There were a few people who were close to the good list, such as Kael Mouillierat, Travis Morin (I have to say this, Miss Mavs will kill me otherwise), and Kurtis Kisio.
And then there were those close to the bad list, like Jerad Stewart and Geoff Irwin, who should know that shaved heads are not sexy (Right Said Fred is not too sexy for anything!), Matt Tyree, who looks decades older than his teammates, and the unfortunate Chad Brownlee (sorry about getting your head squished in a vice!).

The Ugly
Normally I haven't been including coaches, but you can't have Ugly without Troy Jutting. And Kevin Huck, who looks like he could also be Jutting's son.

Okay, that's enough for now.
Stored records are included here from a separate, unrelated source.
lemma has_integral_conv_kernel:
  fixes x :: real
  assumes x: "0 < x"
  shows "((\<lambda>t. x / ((1 + (t*x)^2) * (1 + ((1-t)*x)^2))) has_integral M0_fun x / (1 + x^2)) {0..1}"
proof -
  define A where "A = 2 / (x * (x^2 + 4))"
  define B where "B = 1 / (x^2 + 4)"
  define \<Psi> where "\<Psi> t = A/2 * ln (1 + (t*x)^2) + B * arctan (t*x)
      - A/2 * ln (1 + ((1-t)*x)^2) - B * arctan ((1-t)*x)" for t
  have x4: "0 < x^2 + 4" by (simp add: add_nonneg_pos)
  have "(\<Psi> has_real_derivative x / ((1 + (t*x)^2) * (1 + ((1-t)*x)^2))) (at t within {0..1})" for t
  proof -
    define a where "a = 1 + (t*x)^2"
    define b where "b = 1 + ((1-t)*x)^2"
    have ab: "0 < a" "0 < b" unfolding a_def b_def by (auto intro: add_pos_nonneg)
    have partial_fractions: "(A*t*x + B) * b + (A*(1-t)*x + B) * a = 1"
      using conv_kernel_partial_fractions[OF x, of t] unfolding a_def b_def A_def B_def .
    have "((\<lambda>t. ln (1 + (t*x)^2)) has_real_derivative 2*(t*x)*x/a) (at t within {0..1})"
      "((\<lambda>t. ln (1 + ((1-t)*x)^2)) has_real_derivative -(2*((1-t)*x)*x/b)) (at t within {0..1})"
      "((\<lambda>t. arctan (t*x)) has_real_derivative x/a) (at t within {0..1})"
      "((\<lambda>t. arctan ((1-t)*x)) has_real_derivative -(x/b)) (at t within {0..1})"
      unfolding a_def b_def
      by (auto intro!: derivative_eq_intros simp: add_pos_nonneg divide_inverse_commute)
    then have "(\<Psi> has_real_derivative
        A/2 * (2*(t*x)*x/a) + B * (x/a) - A/2 * (-(2*((1-t)*x)*x/b)) - B * (-(x/b))) (at t within {0..1})"
      unfolding \<Psi>_def by (intro DERIV_diff DERIV_add DERIV_cmult)
    moreover have "A/2 * (2*(t*x)*x/a) + B * (x/a) - A/2 * (-(2*((1-t)*x)*x/b)) - B * (-(x/b))
        = x * ((A*t*x + B) * b + (A*(1-t)*x + B) * a) / (a*b)"
      using ab by (simp add: field_simps)
    ultimately have "(\<Psi> has_real_derivative x / (a*b)) (at t within {0..1})"
      by (simp add: partial_fractions)
    then show ?thesis unfolding a_def b_def .
  qed
  then have "((\<lambda>t. x / ((1 + (t*x)^2) * (1 + ((1-t)*x)^2))) has_integral \<Psi> 1 - \<Psi> 0) {0..1}"
    by (intro fundamental_theorem_of_calculus)
       (auto simp: has_real_derivative_iff_has_vector_derivative)
  moreover have "\<Psi> 1 - \<Psi> 0 = M0_fun x / (1 + x^2)"
  proof -
    \<comment> \<open>Abstracted so that \<open>field_simps\<close> treats the logarithm and the arctangent as atoms.\<close>
    have collect: "2 / (x * D) * L + 2 * (1 / D) * R = 2 * E * (L + x * R) / (x * D) / E"
      if "0 < D" "0 < E" for D E L R :: real
      using x that by (simp add: field_simps)
    have "\<Psi> 1 - \<Psi> 0 = 2 / (x * (x^2 + 4)) * ln (1 + x^2) + 2 * (1 / (x^2 + 4)) * arctan x"
      unfolding \<Psi>_def A_def B_def by simp
    also have "\<dots> = M0_fun x / (1 + x^2)"
      unfolding M0_fun_def by (rule collect) (use x4 in \<open>auto simp: add_pos_nonneg\<close>)
    finally show ?thesis .
  qed
  ultimately show ?thesis by simp
qed

section \<open>Weighted bounds for convolutions along a ray\<close>

lemma norm_integral_le_of_has_integral:
  fixes f :: "real \<Rightarrow> 'a::euclidean_space"
  assumes g: "(g has_integral I) S" and le: "\<And>x. x \<in> S \<Longrightarrow> norm (f x) \<le> g x"
  shows "norm (integral S f) \<le> I"
proof (cases "f integrable_on S")
  case True
  then show ?thesis
    using g le integral_norm_bound_integral[of f S g] by (auto simp: integral_unique)
next
  case False
  have "0 \<le> I" using g le by (intro has_integral_nonneg[OF g]) (meson norm_ge_zero order_trans)
  with False show ?thesis by (simp add: not_integrable_integral)
qed

lemma conv_eq_integral:
  "conv X F q \<tau> = integral {0..1} (\<lambda>t. X (of_real t * q) \<tau> * F (q - of_real t * q) \<tau> * q)"
  unfolding conv_def contour_integral_integral vector_derivative_linepath_at
  by (simp add: linepath_def scaleR_conv_of_real)

lemma conv_eq_0_if_vanishes:
  assumes "\<And>s. s \<in> {0..1} \<Longrightarrow> F (of_real s * q) \<tau> = 0"
  shows "conv X F q \<tau> = 0"
proof -
  have vanish: "F (q - of_real t * q) \<tau> = 0" if "t \<in> {0..1}" for t
    using assms[of "1 - t"] that by (simp add: algebra_simps)
  have "integral {0..1} (\<lambda>t. X (of_real t * q) \<tau> * F (q - of_real t * q) \<tau> * q)
      = integral {0..1} (\<lambda>_::real. 0)"
    by (rule Henstock_Kurzweil_Integration.integral_cong) (simp add: vanish)
  then show ?thesis unfolding conv_eq_integral by simp
qed

definition exp_weight :: "real \<Rightarrow> real \<Rightarrow> real" where
  "exp_weight \<nu> x = exp (\<nu> * x) / (1 + x^2)"

lemma exp_weight_pos: "0 < exp_weight \<nu> x"
  unfolding exp_weight_def by (simp add: add_pos_nonneg)

lemma le_exp_weight_iff: "n \<le> S * exp_weight \<nu> x \<longleftrightarrow> (1 + x^2) * exp (- \<nu> * x) * n \<le> S"
proof -
  have "0 < 1 + x^2" by (simp add: add_pos_nonneg)
  then show ?thesis
    unfolding exp_weight_def by (simp add: exp_minus field_simps)
qed

lemma exp_weight_le_exp:
  assumes "0 \<le> \<nu>" "0 \<le> y" "y \<le> x"
  shows "exp_weight \<nu> y \<le> exp (\<nu> * x)"
proof -
  have "exp_weight \<nu> y \<le> exp (\<nu> * y) / 1"
    unfolding exp_weight_def by (intro divide_left_mono) (auto simp: add_pos_nonneg)
  also have "\<dots> \<le> exp (\<nu> * x)" using assms by (simp add: mult_left_mono)
  finally show ?thesis .
qed
(* Fix real numbers $\beta_0,\beta_3,\beta_4$ and a constant $k$. For $(\beta_1,\beta_2)\in\mathbb{R}^2$ let $T$ be the $3\times3$ matrix $$T=\begin{pmatrix}\beta_1&\beta_2&0\\ \beta_3&\beta_4&0\\ 0&0&\beta_0\end{pmatrix},$$ and let $\mathcal{M}(\beta_1,\beta_2)$ be the sum of the two largest eigenvalues of $T^{T}T$. Then the set $\{(\beta_1,\beta_2)\in\mathbb{R}^2:\mathcal{M}(\beta_1,\beta_2)=k\}$ is a connected subset of the union of a circle and an ellipse, both centered at the origin. It consists of the arcs of the circle lying within the ellipse and the arcs of the ellipse lying within the circle.
   Context: For a Group 2 two-qubit $X$-state, or a Mermin (grid) hyperplane-state sharing its correlation operators, the correlation matrix $\beta$ (with entries the coefficients of the operators $\sigma_i\otimes\sigma_j$, $\sigma_i,\sigma_j\in\{X,Y,Z\}$) can be brought, by permuting rows and columns, to the form $T$ above. Here $\beta_0$ is the coefficient of the distinguished correlation operator and $\beta_1,\dots,\beta_4$ are the remaining four correlation coefficients. The states are not required to be valid (positive semidefinite). The quantity $\mathcal{M}$ is the Horodecki Bell-violation quantity: the sum of the two largest eigenvalues of $\beta^T\beta$. *)

theory Defs
  imports "Jordan_Normal_Form.Char_Poly"
begin

definition eigenvalues_mset :: "real mat \<Rightarrow> real multiset" where
  "eigenvalues_mset A = proots (char_poly A)"

definition sum_two_largest_eigenvalues :: "real mat \<Rightarrow> real" where
  "sum_two_largest_eigenvalues A =
     (let ev = rev (sorted_list_of_multiset (eigenvalues_mset A)) in ev ! 0 + ev ! 1)"

definition horodecki_M :: "real mat \<Rightarrow> real" where
  "horodecki_M B = sum_two_largest_eigenvalues (transpose_mat B * B)"

definition T_mat :: "real \<Rightarrow> real \<Rightarrow> real \<Rightarrow> real \<Rightarrow> real \<Rightarrow> real mat" where
  "T_mat b0 b1 b2 b3 b4 =
     mat_of_rows_list 3 [[b1, b2, 0], [b3, b4, 0], [0, 0, b0]]"

definition circle0 :: "real \<Rightarrow> (real \<times> real) set" where
  "circle0 r = {(x, y). x\<^sup>2 + y\<^sup>2 = r\<^sup>2}"

definition disk0 :: "real \<Rightarrow> (real \<times> real) set" where
  "disk0 r = {(x, y). x\<^sup>2 + y\<^sup>2 \<le> r\<^sup>2}"

text \<open>(Possibly degenerate) ellipse centred at the origin: image of the unit circle
  under the linear map with matrix [[a,b],[c,d]]; and the closed region it bounds
  (image of the closed unit disk).\<close>
definition ellipse0 :: "real \<Rightarrow> real \<Rightarrow> real \<Rightarrow> real \<Rightarrow> (real \<times> real) set" where
  "ellipse0 a b c d = {(a * u + b * v, c * u + d * v) | u v. u\<^sup>2 + v\<^sup>2 = 1}"

definition filled_ellipse0 :: "real \<Rightarrow> real \<Rightarrow> real \<Rightarrow> real \<Rightarrow> (real \<times> real) set" where
  "filled_ellipse0 a b c d = {(a * u + b * v, c * u + d * v) | u v. u\<^sup>2 + v\<^sup>2 \<le> 1}"

end

theory Submission
  imports Defs "HOL-Analysis.Analysis"
begin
This is harder than it looks, people.

4 comments:

LetsGoMavs said...

I must say, I'm loving the rundowns of the teams. Excellent job. Helps a ton that I can click on the name and see them right away. You're pretty accurate on the Mavs...but maybe a bit too nice on Gaulrapp...that guy is butt ugly to the point it's scary. When I see him out at the bar I'm going to have to run the other way! You figured out the Clark/Zacharias deal. I don't know what's up with the website! Zacharias is the dark haired guy and clark is blonde. Good call on Tyree...he looks old as heck! I'm hoping most of these guys are better looking in person. Of course, I won't know until I see them at the bar or something...so I can see them up close and personal:)

DC said...

We always appreciate hottie reports from the field.

And I was too nice on a LOT of people.

MeanEgirl said...

Rob is DEFINITELY hot. It's an alright picture, but he's way better than that even.

Lordy's a cutie. The problem with pretty much all these pictures is... they look TERRIBLE! I guess that's to be expected in hockey pictures though. I'd move Eli and Lars up for sure.

Oh.. and why the hell do we have to share an entry with Mankato? That's crap, RWD. That's crap and you know it!

But anyway, nice job on all of this stuff. It's HILARIOUS to read. Definitely distracting me from what I should be doing now...

DC said...

You're sharing an entry with Mankato, yes. But it was dedicated to you!!